Where is Bedroom 431 A located on the Chief to Chicago?


----------



## Cal (May 11, 2021)

Here is a diagram of the superliners used on the Chief, there is no way to confirm if your bedroom will be on the left or right side before travel. 

Do note that bedroom A is smaller than the other ones, if you are travelling with another person, I would call Amtrak to see if a different bedroom is available. If you're travelling alone, it's fine. 

Hope you enjoy your travels, the best scenery is between Lamy and Las Vegas (on the second day), either side is good, although I think left might be a bit better.


----------



## pennyk (May 11, 2021)

Cal said:


> Do note that bedroom A is smaller than the other ones, if you are travelling with another person, I would call Amtrak to see if a different bedroom is available. If you're travelling alone, it's fine.

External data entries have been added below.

(* Let $A$ be a finite dimensional Hopf algebra over a field $k$, let $n$ be a positive integer, and let $M$ be a finite dimensional $A$-module for which $M\otimes M^*\simeq M^*\otimes M$ as $A$-modules. Then $M$ is projective if and only if $M^{\otimes n}$ is projective.
   Context: $M^*=\mathrm{Hom}_k(M,k)$ is the dual $A$-module with $(a\cdot f)(m)=f(S(a)m)$, $S$ the antipode; tensor products of $A$-modules are $A$-modules via the coproduct. *)

theory Defs
  imports "Jordan_Normal_Form.Matrix"
begin

(* A finite dimensional Hopf algebra A over a field 'k, presented by structure
   constants with respect to a basis e_0,...,e_{d-1}:
     e_i e_j        = \<Sum>_l mu i j l e_l
     1              = \<Sum>_l eta l e_l
     Delta(e_l)     = \<Sum>_{i,j} delta l i j (e_i \<otimes> e_j)
     eps(e_l)       = eps l
     S(e_i)         = \<Sum>_j antip i j e_j                                        *)
record 'k hopf_data =
  hdim  :: nat
  mu    :: "nat \<Rightarrow> nat \<Rightarrow> nat \<Rightarrow> 'k"
  eta   :: "nat \<Rightarrow> 'k"
  delta :: "nat \<Rightarrow> nat \<Rightarrow> nat \<Rightarrow> 'k"
  eps   :: "nat \<Rightarrow> 'k"
  antip :: "nat \<Rightarrow> nat \<Rightarrow> 'k"

definition kd :: "nat \<Rightarrow> nat \<Rightarrow> 'k::field" where
  "kd a b = (if a = b then 1 else 0)"

definition hopf_algebra :: "'k::field hopf_data \<Rightarrow> bool" where
  "hopf_algebra H \<longleftrightarrow> (let d = hdim H in
     \<comment> \<open>associativity\<close>
     (\<forall>i<d. \<forall>j<d. \<forall>k<d. \<forall>p<d.
        (\<Sum>l<d. mu H i j l * mu H l k p) = (\<Sum>l<d. mu H j k l * mu H i l p)) \<and>
     \<comment> \<open>unit\<close>
     (\<forall>j<d. \<forall>p<d. (\<Sum>l<d. eta H l * mu H l j p) = kd j p \<and>
                   (\<Sum>l<d. eta H l * mu H j l p) = kd j p) \<and>
     \<comment> \<open>coassociativity\<close>
     (\<forall>l<d. \<forall>a<d. \<forall>b<d. \<forall>c<d.
        (\<Sum>i<d. delta H l i c * delta H i a b) = (\<Sum>j<d. delta H l a j * delta H j b c)) \<and>
     \<comment> \<open>counit\<close>
     (\<forall>l<d. \<forall>j<d. (\<Sum>i<d. eps H i * delta H l i j) = kd l j \<and>
                   (\<Sum>i<d. eps H i * delta H l j i) = kd l j) \<and>
     \<comment> \<open>comultiplication is an algebra map\<close>
     (\<forall>i<d. \<forall>j<d. \<forall>a<d. \<forall>b<d.
        (\<Sum>l<d. mu H i j l * delta H l a b) =
        (\<Sum>p<d. \<Sum>q<d. \<Sum>r<d. \<Sum>s<d.
            delta H i p q * delta H j r s * mu H p r a * mu H q s b)) \<and>
     (\<forall>a<d. \<forall>b<d. (\<Sum>l<d. eta H l * delta H l a b) = eta H a * eta H b) \<and>
     \<comment> \<open>counit is an algebra map\<close>
     (\<forall>i<d. \<forall>j<d. (\<Sum>l<d. mu H i j l * eps H l) = eps H i * eps H j) \<and>
     (\<Sum>l<d. eta H l * eps H l) = 1 \<and>
     \<comment> \<open>antipode axioms  m(S\<otimes>id)Delta = eta eps = m(id\<otimes>S)Delta\<close>
     (\<forall>l<d. \<forall>q<d.
        (\<Sum>i<d. \<Sum>j<d. \<Sum>p<d. delta H l i j * antip H i p * mu H p j q) = eps H l * eta H q \<and>
        (\<Sum>i<d. \<Sum>j<d. \<Sum>p<d. delta H l i j * antip H j p * mu H i p q) = eps H l * eta H q))"

(* a finite dimensional A-module: dimension m and the matrices rho(e_i) (m x m) *)
type_synonym 'k amod = "nat \<times> (nat \<Rightarrow> 'k mat)"

definition lc :: "nat \<Rightarrow> nat \<Rightarrow> (nat \<Rightarrow> 'k::field) \<Rightarrow> (nat \<Rightarrow> 'k mat) \<Rightarrow> 'k mat" where
  "lc d m c R = mat m m (\<lambda>(r,s). \<Sum>l<d. c l * R l $$ (r,s))"

definition is_mod :: "'k::field hopf_data \<Rightarrow> 'k amod \<Rightarrow> bool" where
  "is_mod H M \<longleftrightarrow> (let d = hdim H; m = fst M; \<rho> = snd M in
     (\<forall>i<d. \<rho> i \<in> carrier_mat m m) \<and>
     (\<forall>i<d. \<forall>j<d. \<rho> i * \<rho> j = lc d m (mu H i j) \<rho>) \<and>
     lc d m (eta H) \<rho> = 1\<^sub>m m)"

definition kron :: "'k::field mat \<Rightarrow> 'k mat \<Rightarrow> 'k mat" where
  "kron A B = mat (dim_row A * dim_row B) (dim_col A * dim_col B)
     (\<lambda>(r,s). A $$ (r div dim_row B, s div dim_col B) * B $$ (r mod dim_row B, s mod dim_col B))"

definition tensor :: "'k::field hopf_data \<Rightarrow> 'k amod \<Rightarrow> 'k amod \<Rightarrow> 'k amod" where
  "tensor H M N = (fst M * fst N, (\<lambda>l. mat (fst M * fst N) (fst M * fst N)
     (\<lambda>(r,s). \<Sum>i<hdim H. \<Sum>j<hdim H. delta H l i j * kron (snd M i) (snd N j) $$ (r,s))))"

(* dual module M^*, (a.f)(x) = f(S(a) x); in the dual basis rho^*(a) = rho(S a)^T *)
definition dual :: "'k::field hopf_data \<Rightarrow> 'k amod \<Rightarrow> 'k amod" where
  "dual H M = (fst M, (\<lambda>i. transpose_mat (lc (hdim H) (fst M) (antip H i) (snd M))))"

(* tensor powers M^{\<otimes> n}, n \<ge> 1 (n = 0 gives the trivial module k) *)
fun tpow :: "'k::field hopf_data \<Rightarrow> 'k amod \<Rightarrow> nat \<Rightarrow> 'k amod" where
  "tpow H M 0 = (1, (\<lambda>i. mat 1 1 (\<lambda>_. eps H i)))"
| "tpow H M (Suc 0) = M"
| "tpow H M (Suc (Suc n)) = tensor H M (tpow H M (Suc n))"

definition hom :: "'k::field hopf_data \<Rightarrow> 'k amod \<Rightarrow> 'k amod \<Rightarrow> 'k mat \<Rightarrow> bool" where
  "hom H M N T \<longleftrightarrow> T \<in> carrier_mat (fst N) (fst M) \<and>
     (\<forall>i<hdim H. T * snd M i = snd N i * T)"
(* Consider the generic SURQT model (6) described in the context, and let $\mathbf{Q}_1=\frac{\partial\mathbf{f}(\mathbf 0)}{\partial\mathbf{x}}-\mathbf{D}_\theta$. If $s(\mathbf{Q}_1)<0$, then the rumor-free equilibrium $\mathbf{E}_0=(\mathbf 0,\mathbf 1)$ attracts $\Omega$: every solution with initial value in $\Omega$ satisfies $\mathbf{R}(t)\to\mathbf 0$ and $\mathbf{T}(t)\to\mathbf 1$ as $t\to\infty$. Consequently $R(t)=\frac1N\sum_iR_i(t)\to0$ and $T(t)=\frac1N\sum_iT_i(t)\to1$.
   Context: $V=\{1,\dots,N\}$; $G_R=(V,E_R)$ and $G_T=(V,E_T)$ are strongly connected directed graphs. $\theta_i>0,\delta_i>0$; $\mathbf{D}_\theta=\mathrm{diag}(\theta_i)$. The functions $f_i^T,g_i^R:\mathbb{R}^N\to\mathbb{R}$ satisfy: (C1) $f_i^T$ depends on $x_j$ iff $(i,j)\in E_R$, $g_i^R$ depends on $x_j$ iff $(i,j)\in E_T$; (C2) $f_i^T(\mathbf 0)=g_i^R(\mathbf 0)=0$; (C3) twice continuously differentiable; (C4) strictly increasing in each argument; (C5) concave. $\mathbf{f}=(f_1^T,\dots,f_N^T)^T$ and $\frac{\partial\mathbf{f}(\mathbf 0)}{\partial\mathbf x}$ is its Jacobian at the origin. $s(\mathbf{A})$ is the maximum real part of an eigenvalue of $\mathbf{A}$. The generic SURQT model (6) is, for $i=1,\dots,N$, \[ \frac{dR_i}{dt}=T_i f_i^T(\mathbf{R})-R_i g_i^R(\mathbf{T})-\theta_iR_i,\qquad \frac{dT_i}{dt}=R_i g_i^R(\mathbf{T})-T_i f_i^T(\mathbf{R})+\delta_i(1-R_i-T_i), \] on $\Omega=\{(x_1,\dots,x_{2N})\in\mathbb{R}_+^{2N}: x_i+x_{N+i}\le1\}$. *)

theory Defs
  imports "HOL-Analysis.Analysis"
begin

definition strongly_connected :: "('n \<times> 'n) set \<Rightarrow> bool" where
  "strongly_connected E \<longleftrightarrow> (\<forall>i j. (i, j) \<in> E\<^sup>*)"

definition depends_on :: "(real^'n \<Rightarrow> real) \<Rightarrow> 'n \<Rightarrow> bool" where
  "depends_on h j \<longleftrightarrow> (\<exists>x y. (\<forall>k. k \<noteq> j \<longrightarrow> x $ k = y $ k) \<and> h x \<noteq> h y)"

definition twice_cont_diff :: "(real^'n \<Rightarrow> real) \<Rightarrow> bool" where
  "twice_cont_diff h \<longleftrightarrow>
     (\<exists>D :: (real^'n) \<Rightarrow> ((real^'n) \<Rightarrow>\<^sub>L real).
      \<exists>D2 :: (real^'n) \<Rightarrow> ((real^'n) \<Rightarrow>\<^sub>L ((real^'n) \<Rightarrow>\<^sub>L real)).
        (\<forall>x. (h has_derivative blinfun_apply (D x)) (at x)) \<and>
        (\<forall>x. (D has_derivative blinfun_apply (D2 x)) (at x)) \<and>
        continuous_on UNIV D2)"

definition strictly_incr_in :: "(real^'n \<Rightarrow> real) \<Rightarrow> 'n \<Rightarrow> bool" where
  "strictly_incr_in h j \<longleftrightarrow> (\<forall>x (t::real). t > 0 \<longrightarrow> h x < h (x + t *\<^sub>R axis j 1))"
theorem uniform_boundedness:
  assumes p: "\<And>i. i \<in> I \<Longrightarrow> bounded_seminorm (p i)"
    and pointwise: "\<And>f. f \<in> H \<Longrightarrow> \<exists>B. \<forall>i\<in>I. p i f \<le> B"
  shows "\<exists>C\<ge>0. \<forall>i\<in>I. \<forall>f\<in>H. p i f \<le> C * nrm f"
proof -
  define F where "F m = {f \<in> H. \<forall>i\<in>I. p i f \<le> real m}" for m :: nat
  have closed: "closedin HM.mtopology (F m)" for m
    unfolding F_def by (rule closedin_seminorm_sublevel[OF p])
  have "\<Union>(range F) = H"
  proof (intro equalityI subsetI)
    fix f assume f: "f \<in> H"
    obtain B where "\<forall>i\<in>I. p i f \<le> B" using pointwise[OF f] by blast
    moreover obtain m where "B \<le> real m" using real_arch_simple by blast
    ultimately have "f \<in> F m" using f by (force simp: F_def)
    then show "f \<in> \<Union>(range F)" by blast
  qed (auto simp: F_def)
  then have "\<exists>m. HM.mtopology interior_of F m \<noteq> {}"
  proof (rule contrapos_pp)
    assume "\<nexists>m. HM.mtopology interior_of F m \<noteq> {}"
    then have "HM.mtopology interior_of \<Union>(range F) = {}"
      using closed by (intro HM.metric_Baire_category_alt[OF mcomplete_hdist]) auto
    then show "\<Union>(range F) \<noteq> H"
      using interior_of_topspace[of HM.mtopology] zero_in by (metis HM.topspace_mtopology empty_iff)
  qed
  then obtain m x0 where x0: "x0 \<in> HM.mtopology interior_of F m" by blast
  have op: "openin HM.mtopology (HM.mtopology interior_of F m)" by simp
  have "\<exists>r>0. HM.mball x0 r \<subseteq> HM.mtopology interior_of F m"
    using conjunct2[OF op[unfolded HM.openin_mtopology]] x0 by simp
  then obtain r where r: "r > 0" and r_int: "HM.mball x0 r \<subseteq> HM.mtopology interior_of F m"
    by (elim exE conjE)
  have ball: "HM.mball x0 r \<subseteq> F m"
    using r_int interior_of_subset[of HM.mtopology "F m"] by (rule subset_trans)
  have "x0 \<in> H" using x0 interior_of_subset_topspace[of HM.mtopology "F m"] by auto
  show ?thesis
  proof (intro exI conjI ballI)
    show "0 \<le> 4 * real m / r" using r by simp
    fix i f assume i: "i \<in> I" and f: "f \<in> H"
    have "p i y \<le> real m" if "y \<in> HM.mball x0 r" for y
      using ball that i by (auto simp: F_def)
    then show "p i f \<le> (4 * real m / r) * nrm f"
      by (rule bounded_seminorm_bound_from_ball[OF p[OF i] \<open>x0 \<in> H\<close> r _ f])
  qed
qed
lemma dim_le_dim_Int_insert:
  assumes S: "finite S" and W: "subspace W" "W \<subseteq> span S"
    and I: "subspace I" and WbI: "W \<subseteq> span (insert b I)"
  shows "dim W \<le> dim (W \<inter> I) + 1"
proof -
  obtain C0 where C0: "C0 \<subseteq> W \<inter> I" "independent C0" "W \<inter> I \<subseteq> span C0" "card C0 = dim (W \<inter> I)"
    using basis_exists by blast
  obtain C where C: "C0 \<subseteq> C" "C \<subseteq> W" "independent C" "W \<subseteq> span C"
    using maximal_independent_subset_extend[of C0 W] C0 by blast
  have finC: "finite C" and dimW: "dim W = card C"
    using independent_span_bound[OF S C(3)] C basis_card_eq_dim[of C W] W by auto
  have not_in_span: "c \<notin> span (C - {c})" if "c \<in> C" for c
    using C(3) that dependent_def by blast
  have coeff: "\<exists>k. c - k *s b \<in> I" if "c \<in> C" for c
    using WbI C(2) that span_eq_iff[THEN iffD2, OF I] unfolding span_insert by auto
  \<comment> \<open>Two vectors of C outside C0 would have a combination free of b, lying in W \<inter> I = span C0.\<close>
  have "\<forall>c\<in>C - C0. \<forall>d\<in>C - C0. c = d"
  proof (intro ballI, rule ccontr)
    fix c d assume c: "c \<in> C - C0" and d: "d \<in> C - C0" and "c \<noteq> d"
    obtain k where k: "c - k *s b \<in> I" using coeff c by blast
    obtain l where l: "d - l *s b \<in> I" using coeff d by blast
    have C0_sub: "C0 \<subseteq> C - {c}" "C0 \<subseteq> C - {d}" using C(1) c d by auto
    show False
    proof (cases "k = 0")
      case True
      then have "c \<in> W \<inter> I" using k c C(2) by auto
      then have "c \<in> span (C - {c})" using C0(3) span_mono[OF C0_sub(1)] by blast
      then show False using not_in_span c by blast
    next
      case False
      define v where "v = d - (l / k) *s c"
      have "v = (d - l *s b) - (l / k) *s (c - k *s b)"
        using False unfolding v_def by (simp add: algebra_simps)
      then have "v \<in> I" using k l I by (simp add: subspace_diff subspace_scale)
      moreover have "v \<in> W" using c d C(2) W(1) unfolding v_def by (auto intro: subspace_diff subspace_scale)
      ultimately have "v \<in> span (C - {d})" using C0(3) span_mono[OF C0_sub(2)] by blast
      moreover have "(l / k) *s c \<in> span (C - {d})"
        using c \<open>c \<noteq> d\<close> by (intro span_scale span_base) auto
      ultimately have "d \<in> span (C - {d})" unfolding v_def
        using span_add by fastforce
      then show False using not_in_span d by blast
    qed
  qed
  then have "card (C - C0) \<le> 1" using card_le_Suc0_iff_eq[of "C - C0"] finC by simp
  moreover have "card C = card C0 + card (C - C0)"
    using C(1) finC by (simp add: card_Diff_subset card_mono finite_subset)
  ultimately show ?thesis using dimW C0(4) by linarith
qed
(* The four identities (J1) $x\wedge y\approx y\wedge x$, (J2) $x\wedge(y\wedge z)\approx(x\wedge y)\wedge z$, (J4) $x''\approx x$, (J5) $x'\approx (x\wedge y)'\wedge(x\wedge y')'$ form a 4-base for the variety $\mathbb{BA}$ of Boolean algebras (in the language $\langle\wedge,{}'\rangle$). In particular, the idempotent law $x\wedge x\approx x$ follows from (J1), (J2), (J4), (J5).
   Context: Algebras are of type $\langle \wedge, {}'\rangle$ with $\wedge$ binary and ${}'$ unary. The variety $\mathbb{BA}$ of Boolean algebras in this language consists of the algebras $\langle B,\wedge,{}'\rangle$ obtained from Boolean algebras by keeping only meet and complement (equivalently, the variety generated by the two-element Boolean algebra $\mathbf 2$ with meet and complement). A base for a variety is an independent set of identities (no identity in the set follows from the others) that defines the variety; an $n$-base is a base with exactly $n$ identities. *)

theory Defs
  imports Main
begin

datatype trm = Var nat | Meet trm trm | Cpl trm

type_synonym identity = "trm \<times> trm"

fun subst :: "(nat \<Rightarrow> trm) \<Rightarrow> trm \<Rightarrow> trm" where
  "subst \<sigma> (Var n) = \<sigma> n"
| "subst \<sigma> (Meet s t) = Meet (subst \<sigma> s) (subst \<sigma> t)"
| "subst \<sigma> (Cpl s) = Cpl (subst \<sigma> s)"

inductive derivable :: "identity set \<Rightarrow> trm \<Rightarrow> trm \<Rightarrow> bool" for E where
  ax: "(s, t) \<in> E \<Longrightarrow> derivable E (subst \<sigma> s) (subst \<sigma> t)"
| refl: "derivable E t t"
| sym: "derivable E s t \<Longrightarrow> derivable E t s"
| trans: "derivable E s t \<Longrightarrow> derivable E t u \<Longrightarrow> derivable E s u"
| cong_meet: "derivable E s1 t1 \<Longrightarrow> derivable E s2 t2 \<Longrightarrow> derivable E (Meet s1 s2) (Meet t1 t2)"
| cong_cpl: "derivable E s t \<Longrightarrow> derivable E (Cpl s) (Cpl t)"

fun eval :: "('a \<Rightarrow> 'a \<Rightarrow> 'a) \<Rightarrow> ('a \<Rightarrow> 'a) \<Rightarrow> (nat \<Rightarrow> 'a) \<Rightarrow> trm \<Rightarrow> 'a" where
  "eval m c v (Var n) = v n"
| "eval m c v (Meet s t) = m (eval m c v s) (eval m c v t)"
| "eval m c v (Cpl s) = c (eval m c v s)"

text \<open>An identity holds in the variety BA iff it holds in the two-element
  Boolean algebra 2 = (bool, conjunction, negation), which generates BA.\<close>
definition holds_in_BA :: "identity \<Rightarrow> bool" where
  "holds_in_BA e \<longleftrightarrow> (\<forall>v :: nat \<Rightarrow> bool. eval (\<and>) Not v (fst e) = eval (\<and>) Not v (snd e))"

definition defines_BA :: "identity set \<Rightarrow> bool" where
  "defines_BA E \<longleftrightarrow> (\<forall>s t. derivable E s t \<longleftrightarrow> holds_in_BA (s, t))"

definition independent :: "identity set \<Rightarrow> bool" where
  "independent E \<longleftrightarrow> (\<forall>e \<in> E. \<not> derivable (E - {e}) (fst e) (snd e))"

definition is_n_base_BA :: "nat \<Rightarrow> identity set \<Rightarrow> bool" where
  "is_n_base_BA n E \<longleftrightarrow> defines_BA E \<and> independent E \<and> finite E \<and> card E = n"

abbreviation "vx \<equiv> Var 0"
abbreviation "vy \<equiv> Var 1"
abbreviation "vz \<equiv> Var 2"

definition J1 :: identity where "J1 = (Meet vx vy, Meet vy vx)"
definition J2 :: identity where "J2 = (Meet vx (Meet vy vz), Meet (Meet vx vy) vz)"
definition J4 :: identity where "J4 = (Cpl (Cpl vx), vx)"
definition J5 :: identity where
  "J5 = (Cpl vx, Meet (Cpl (Meet vx vy)) (Cpl (Meet vx (Cpl vy))))"

end

theory Submission
  imports Defs
begin

(* Substituting x' for x in (J5) and using (J4) gives x = (x' y)' (x' y')', Huntington's
  axiom written with meet instead of join; so (J1), (J2), (J4), (J5) make every model a
  Boolean algebra with x v y = (x' y')'.  Completeness then follows because every identity of
  the two-element algebra holds in every Boolean algebra (Shannon expansion in one variable
  at a time), in particular in the free algebra of the theory.  Independence is shown by four
  small models, each violating exactly one of the identities. *)

unbundle lattice_syntax

definition satisfies :: "('a \<Rightarrow> 'a \<Rightarrow> 'a) \<Rightarrow> ('a \<Rightarrow> 'a) \<Rightarrow> identity \<Rightarrow> bool" where
  "satisfies m c e \<longleftrightarrow> (\<forall>v. eval m c v (fst e) = eval m c v (snd e))"

lemma eval_subst: "eval m c v (subst \<sigma> t) = eval m c (\<lambda>n. eval m c v (\<sigma> n)) t"
  by (induction t) auto

lemma derivable_sound:
  assumes "\<forall>e\<in>E. satisfies m c e" and "derivable E s t"
  shows "satisfies m c (s, t)"
proof -
  have "eval m c v s = eval m c v t" for v
    using assms(2)
  proof (induction arbitrary: v rule: derivable.induct)
    case (ax s t \<sigma>)
    then show ?case
      using assms(1) by (force simp: satisfies_def eval_subst)
  qed simp_all
  then show ?thesis
    by (simp add: satisfies_def)
qed

lemma not_derivable_if_refuted:
  assumes "\<forall>e\<in>E. satisfies m c e" and "\<not> satisfies m c (s, t)"
  shows "\<not> derivable E s t"
  using derivable_sound assms by blast

fun vars :: "trm \<Rightarrow> nat set" where
  "vars (Var n) = {n}"
| "vars (Meet s t) = vars s \<union> vars t"
| "vars (Cpl s) = vars s"

lemma finite_vars: "finite (vars t)"
  by (induction t) auto

lemma eval_cong: "(\<And>n. n \<in> vars t \<Longrightarrow> v n = v' n) \<Longrightarrow> eval m c v t = eval m c v' t"
  by (induction t) auto

lemma satisfies_iff_on_three_variables:
  assumes "vars s \<union> vars t \<subseteq> {0, 1, 2}"
  shows "satisfies m c (s, t) \<longleftrightarrow> (\<forall>x y z.
    eval m c (\<lambda>n. if n = 0 then x else if n = 1 then y else z) s =
    eval m c (\<lambda>n. if n = 0 then x else if n = 1 then y else z) t)"
proof
  assume eq: "\<forall>x y z. eval m c (\<lambda>n. if n = 0 then x else if n = 1 then y else z) s =
    eval m c (\<lambda>n. if n = 0 then x else if n = 1 then y else z) t"
  have "eval m c v s = eval m c v t" for v
  proof -
    let ?v = "\<lambda>n. if n = 0 then v 0 else if n = 1 then v 1 else v 2"
    have "\<And>n. n \<in> vars s \<union> vars t \<Longrightarrow> v n = ?v n"
      using assms by auto
    then show ?thesis
      using eq eval_cong[of s v ?v] eval_cong[of t v ?v] by simp
  qed
  then show "satisfies m c (s, t)"
    by (simp add: satisfies_def)
qed (simp add: satisfies_def)

lemma satisfies_J1: "satisfies m c J1 \<longleftrightarrow> (\<forall>x y. m x y = m y x)"
  by (simp add: J1_def satisfies_iff_on_three_variables)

Often bedroom A is the last bedroom sold in a particular car. If such is the case, and there are no other sleeper cars on the train, you may not be able to switch to a different bedroom (unless someone who reserved prior to you canceled - which can happen)


----------



## Cal (May 11, 2021)

pennyk said:


> Often bedroom A is the last bedroom sold in a particular car. If such is the case, and there are no other sleeper cars on the train, you may not be able to switch to a different bedroom (unless someone who reserved prior to you canceled - which can happen)


It's worth a shot!


----------



## Dakota 400 (May 11, 2021)

I like Bedroom A if my Sleeper is the last car on the train and the bedrooms are at the end of that car. I can pop out of the room to quickly get to the railfan window.


----------



## JontyMort (May 11, 2021)

I’ve just been looking at my booking for October, now in its third version. On the LSL, it’s 4911, roomette 002. How many sleepers are there from NYP? 4911 and 4912? They’ll be at the back, won’t they?

The CZ booking is the weird one. It started and finished as 0532, roomette 003, but in February Amtrak said 0530, room 007 (then in April updated it back to 0532, 003. I thought there wasn’t an 0530.

Is 0532 the last car in the consist?


----------



## Donald (May 13, 2021)

Cal said:


> View attachment 22278
> 
> 
> Here is a diagram of the superliners used on the Chief, there is no way to confirm if your bedroom will be on the left or right side before travel.
> ...



Thanks. Moved to Bedroom C car 431. Where is 431 on the train? Any other suggestions about the train or trip to Chicago.


----------



## Cal (May 13, 2021)

Donald said:


> Thanks. Moved to Bedroom C car 431. Where is 431 on the train? Any other suggestions about the train or trip to Chicago.


If you're train has two sleepers it will be the very first one, directly behind the engines. If it has three (unlikely), it will be the middle sleeper, second car. 

Bring snacks, have an open mind, relax, enjoy it. 

Amtrak dining is currently TV dinners, if you want to skip that I would have dinner before boarding in LA. On the second day, try to order something in Albuquerque where you have a 30-40 minute stop (order 30-50 minutes ahead of time as soon as you have service). 

As I said earlier, best scenery is after Lamy (the stop after Albuquerque), I think the left might grant you the best view. 

And don't count on arriving into Chicago on time.


----------